I have to decide what to make. Last year I made a potato casserole. It seemed pretty popular. I don’t know what I’ll make this year. I was thinking about a French toast casserole.

Maybe I’ll just buy a fruit tray.

Saturda’s Wandering Thoughts

“Easter is a week away,” my wife said. “You need to get a haircut.”

I just got one last month. Her observation annoys me. I spent twenty years in the military. Keeping your hair cut and neat was, like, an actual regulation. After being freed from military constraints, I’m not interested in being so neat and tidy when it comes to hair. I will lose this discussion, though, and cave. Being neat is extremely high on my wife’s list.
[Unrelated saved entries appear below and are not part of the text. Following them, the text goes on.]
theorem lemma3p1:
  fixes sP :: "'r::comm_ring_1 \<Rightarrow> 'p::ab_group_add \<Rightarrow> 'p"
    and sF :: "'r \<Rightarrow> 'f::ab_group_add \<Rightarrow> 'f"
    and sM :: "'r \<Rightarrow> 'm::ab_group_add \<Rightarrow> 'm"
    and f :: "'p \<Rightarrow> 'f" and g :: "'f \<Rightarrow> 'm"
    and n :: nat and d :: "nat \<Rightarrow> 'r" and h :: "nat \<Rightarrow> 'm \<Rightarrow> 'f"
    and Fi :: "'i \<Rightarrow> 'f set" and I :: "'i set"
    and S1 :: "'i set set"
  assumes modP: "module sP" and modF: "module sF" and modM: "module sM"
    and wsplit: "w_split_via sP sF sM UNIV UNIV UNIV f g n d h"
    and dsum: "internal_direct_sum sF Fi I"
    and proj: "\<forall>i\<in>I. projective TYPE('x::ab_group_add) TYPE('y::ab_group_add) sF (Fi i)"
    and S1_sub: "S1 \<subseteq> Pow I" and S1_ne: "S1 \<noteq> {}"
    and S1_chain: "\<forall>A\<in>S1. \<forall>B\<in>S1. A \<subseteq> B \<or> B \<subseteq> A"
    and S1_inv: "\<forall>Hs\<in>S1. \<forall>k<n. h k ` Msub g Fi Hs \<subseteq> Fsum Fi Hs"
  shows "(\<Union>Hs\<in>S1. Fsum Fi Hs) = Fsum Fi (\<Union>S1)
       \<and> projective TYPE('x) TYPE('y) sF (Fsum Fi (\<Union>S1))
       \<and> (\<Union>Hs\<in>S1. Psub f g Fi Hs) = Psub f g Fi (\<Union>S1)
       \<and> (\<Union>Hs\<in>S1. Msub g Fi Hs) = Msub g Fi (\<Union>S1)
       \<and> (\<forall>k<n. h k ` Msub g Fi (\<Union>S1) \<subseteq> Fsum Fi (\<Union>S1))
       \<and> w_split_via sP sF sM (Psub f g Fi (\<Union>S1)) (Fsum Fi (\<Union>S1)) (Msub g Fi (\<Union>S1)) f g n d h"
proof -
  let ?H = "\<Union>S1"
  have HI: "?H \<subseteq> I" using S1_sub by blast
  have inv: "\<forall>k<n. h k ` Msub g Fi ?H \<subseteq> Fsum Fi ?H"
  proof (intro allI impI)
    fix k assume "k < n"
    show "h k ` Msub g Fi ?H \<subseteq> Fsum Fi ?H"
      by (rule image_Msub_Union_chain[OF S1_ne S1_chain]) (use S1_inv \<open>k < n\<close> in blast)
  qed
  have "independent_family sF Fi ?H"
    using independent_family_if_internal_direct_sum[OF modF dsum HI] .
  moreover have "\<forall>i\<in>?H. projective TYPE('x) TYPE('y) sF (Fi i)"
    using proj HI by blast
  ultimately have "projective TYPE('x) TYPE('y) sF (Fsum Fi ?H)"
    by (rule independent_family.projective_Fsum)
  then show ?thesis
    by (intro conjI Fsum_Union_chain[OF S1_ne S1_chain] Psub_Union_chain[OF S1_ne S1_chain]
        Msub_Union_chain[OF S1_ne S1_chain] inv w_split_via_restrict[OF wsplit inv])
qed

end
(* Let $p\ge2$, $B_n\ge1$, $\mathbf X_1,\dots,\mathbf X_n$ iid in $\mathbb R^p$ with law $F$, and $h:\mathbb R^p\times\mathbb R^p\to\mathbb R^{p\times p}$ a measurable symmetric kernel with symmetric-matrix values such that for all $m,k$, $\max_{\ell=0,1,2}\mathbb E(|h_{mk}|^{2+\ell}/B_n^\ell)\vee\mathbb E[\exp(|h_{mk}|/B_n)]\le2$. Let $$\varpi_1(n,p)=\Big(\frac{\log p}{n}\Big)^{1/2}B_n+\frac{(\log p)(\log(np))^2}{n}B_n^2,\qquad\Delta_1=\frac1n\Big\|\sum_{i=1}^n\tilde{\mathbf g}_i\tilde{\mathbf g}_i^\top-\Gamma_g\Big\|,$$ where $\tilde{\mathbf g}_i=\mathrm{vech}(g(\mathbf X_i))$. Then $\mathbb E(\Delta_1)\le K\varpi_1(n,p)$ for some absolute constant $K>0$.
   Context: $\|A\|=\max_{a,b}|A_{ab}|$ (entrywise max norm, for matrices of any size). $\mathbf X,\mathbf X'$ independent with law $F$; $h_{mk}=h_{mk}(\mathbf X,\mathbf X')$; $g(\mathbf x)=\mathbb Eh(\mathbf x,\mathbf X')-\mathbb Eh(\mathbf X,\mathbf X')$. $\mathrm{vech}(g)$ is the vector $(g_{jk})_{j\ge k}$ of length $p(p+1)/2$, and $\Gamma_g=\mathrm{Cov}(\mathrm{vech}(g(\mathbf X)))$. *)

theory Defs
  imports "HOL-Probability.Probability"
begin

text \<open>Points of R^p are functions nat => real (coordinates 0..p-1), with the
  Borel product sigma algebra PiM {..<p} (%_. borel). A matrix-valued kernel
  is h :: point => point => nat => nat => real, entry (m,k) being h x y m k.\<close>

type_synonym pt = "nat \<Rightarrow> real"
type_synonym kern = "pt \<Rightarrow> pt \<Rightarrow> nat \<Rightarrow> nat \<Rightarrow> real"

definition vech_idx :: "nat \<Rightarrow> (nat \<times> nat) set" where
  "vech_idx p = {(j, k). k \<le> j \<and> j < p}"

definition gfun :: "pt measure \<Rightarrow> kern \<Rightarrow> pt \<Rightarrow> nat \<times> nat \<Rightarrow> real" where
  "gfun F h x jk =
     (\<integral>y. h x y (fst jk) (snd jk) \<partial>F)
     - (\<integral>z. h (fst z) (snd z) (fst jk) (snd jk) \<partial>(F \<Otimes>\<^sub>M F))"

definition Gamma_g :: "pt measure \<Rightarrow> kern \<Rightarrow> nat \<times> nat \<Rightarrow> nat \<times> nat \<Rightarrow> real" where
  "Gamma_g F h a b =
     (\<integral>x. gfun F h x a * gfun F h x b \<partial>F)
     - (\<integral>x. gfun F h x a \<partial>F) * (\<integral>x. gfun F h x b \<partial>F)"

text \<open>Delta_1 = || (1/n) sum_i g_i g_i^T - Gamma_g ||_max, evaluated at a sample
  omega = (X_0,...,X_{n-1}).\<close>
definition Delta1 :: "nat \<Rightarrow> pt measure \<Rightarrow> kern \<Rightarrow> nat \<Rightarrow> (nat \<Rightarrow> pt) \<Rightarrow> real" where
  "Delta1 p F h n \<omega> =
     Max {\<bar>(1 / real n) * (\<Sum>i<n. gfun F h (\<omega> i) a * gfun F h (\<omega> i) b) - Gamma_g F h a b\<bar>
          | a b. a \<in> vech_idx p \<and> b \<in> vech_idx p}"

definition varpi1 :: "nat \<Rightarrow> nat \<Rightarrow> real \<Rightarrow> real" where
  "varpi1 n p B = sqrt (ln (real p) / real n) * B
                 + ln (real p) * (ln (real n * real p))\<^sup>2 / real n * B\<^sup>2"

end

theory Submission
  imports Defs
begin

text \<open>
  Write g_a for the entries of the Hoeffding projection of h and Z_v = g_a g_b for the N <= p^4
  index pairs v = (a, b); then Delta_1 is the largest deviation of the empirical mean of some Z_v
  from its expectation. By Jensen's inequality the projections inherit the moment and
  exponential-moment bounds of h, so E Z_v^2 <= 664 B^2, and the part of Z_v beyond the level
  M = (2 B ln (3 N n))^2 has expectation O(B^2 / (N n)). The clipped and centred parts are bounded
  by 2 M; a log-sum-exp bound together with Bernstein's estimate of their moment generating
  functions gives E max_v |mean| <= 2 sqrt (s2 ln (3 N) / n) + 2 M ln (3 N) / n. As ln (3 N) = O(log p)
  and ln (3 N n) = O(log (n p)), the total is O(varpi_1).
\<close>

lemma abs_le_1_plus_square: "\<bar>x::real\<bar> \<le> 1 + x\<^sup>2"
proof (cases "\<bar>x\<bar> \<le> 1")
  case False
  hence "\<bar>x\<bar> \<le> \<bar>x\<bar> * \<bar>x\<bar>" by (intro mult_le_cancel_left1[THEN iffD2]) auto
  thus ?thesis by (simp add: power2_eq_square abs_mult[symmetric])
qed (smt (verit) zero_le_power2)

lemma exp_ge_tangent: "exp (v::real) * (1 + (u - v)) \<le> exp u"
proof -
  have "exp v * (1 + (u - v)) \<le> exp v * exp (u - v)" by (intro mult_left_mono) auto
  thus ?thesis by (simp add: exp_diff)
qed

lemma power4_ge_tangent: "(m::real) ^ 4 + 4 * m ^ 3 * (y - m) \<le> y ^ 4"
proof -
  have "0 \<le> (y - m)\<^sup>2 * ((y + m)\<^sup>2 + 2 * m\<^sup>2)" by simp
  thus ?thesis by (simp add: algebra_simps power2_eq_square power3_eq_cube power4_eq_xxxx)
qed

lemma power4_add_le: "0 \<le> a \<Longrightarrow> 0 \<le> b \<Longrightarrow> ((a::real) + b) ^ 4 \<le> 8 * (a ^ 4 + b ^ 4)"
proof -
  assume "0 \<le> a" "0 \<le> b"
  have sq: "(a + b)\<^sup>2 \<le> 2 * (a\<^sup>2 + b\<^sup>2)"
    using zero_le_power2[of "a - b"] by (simp add: power2_eq_square algebra_simps)
  have "(a + b) ^ 4 = ((a + b)\<^sup>2)\<^sup>2" by simp
  also have "\<dots> \<le> (2 * (a\<^sup>2 + b\<^sup>2))\<^sup>2" using sq by (intro power_mono) auto
  also have "\<dots> \<le> 8 * (a ^ 4 + b ^ 4)"
    using zero_le_power2[of "a\<^sup>2 - b\<^sup>2"] by (simp add: power2_eq_square power4_eq_xxxx algebra_simps)
  finally show ?thesis .
qed

lemma exp_le_1_plus_plus_square:
  assumes "\<bar>x::real\<bar> \<le> 1" shows "exp x \<le> 1 + x + x\<^sup>2"
proof (cases "x \<ge> 0")
  case True thus ?thesis using assms exp_bound[of x] by auto
next
  case False
  define y where "y = - x"
  have y: "0 \<le> y" "y \<le> 1" using False assms by (auto simp: y_def)
  have "exp x = inverse (exp y)" by (simp add: y_def exp_minus)
  also have "\<dots> \<le> inverse (1 + y)" using y by (intro le_imp_inverse_le) auto
  also have "\<dots> \<le> 1 - y + y\<^sup>2"
  proof -
    have "1 \<le> (1 - y + y\<^sup>2) * (1 + y)" using y by (simp add: algebra_simps power2_eq_square power3_eq_cube)
    thus ?thesis using y by (simp add: inverse_eq_divide divide_le_eq)
  qed
  finally show ?thesis by (simp add: y_def)
qed

lemma square_le_exp: assumes "0 \<le> x" shows "(x::real)\<^sup>2 / 4 \<le> 8 * exp (x / 4)"
proof -
  have "1 + x / 4 + (x / 4)\<^sup>2 / 2 \<le> exp (x / 4)" using assms by (intro exp_lower_Taylor_quadratic) auto
  hence "(x / 4)\<^sup>2 / 2 \<le> exp (x / 4)" using assms by linarith
  thus ?thesis by (simp add: power2_eq_square field_simps)
qed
She is also adept at being severe and disapproving.

“Want to hear my sister’s text?” I ask.

“Go ahead.”

I read my sister’s updates from Pittsburgh. She’s buying her daughter a new phone. Several features on her present phone are failing. Replace it before Trump’s tariffs add hundreds, she reckons. She used the same logic to replace her eight-year-old ride. She also cashed in her small 401K and put it into certificates in December because she believed Trump was going to trash the economy. She tells me about my other sister’s financial worries.

Four sisters share Mom. Two of them are extremely responsible. The other two are not exactly flighty but they seem to have many crises and make choices that cause more problems. I probably would make more choices that aren’t wise ones, but I’m married to a diligent person.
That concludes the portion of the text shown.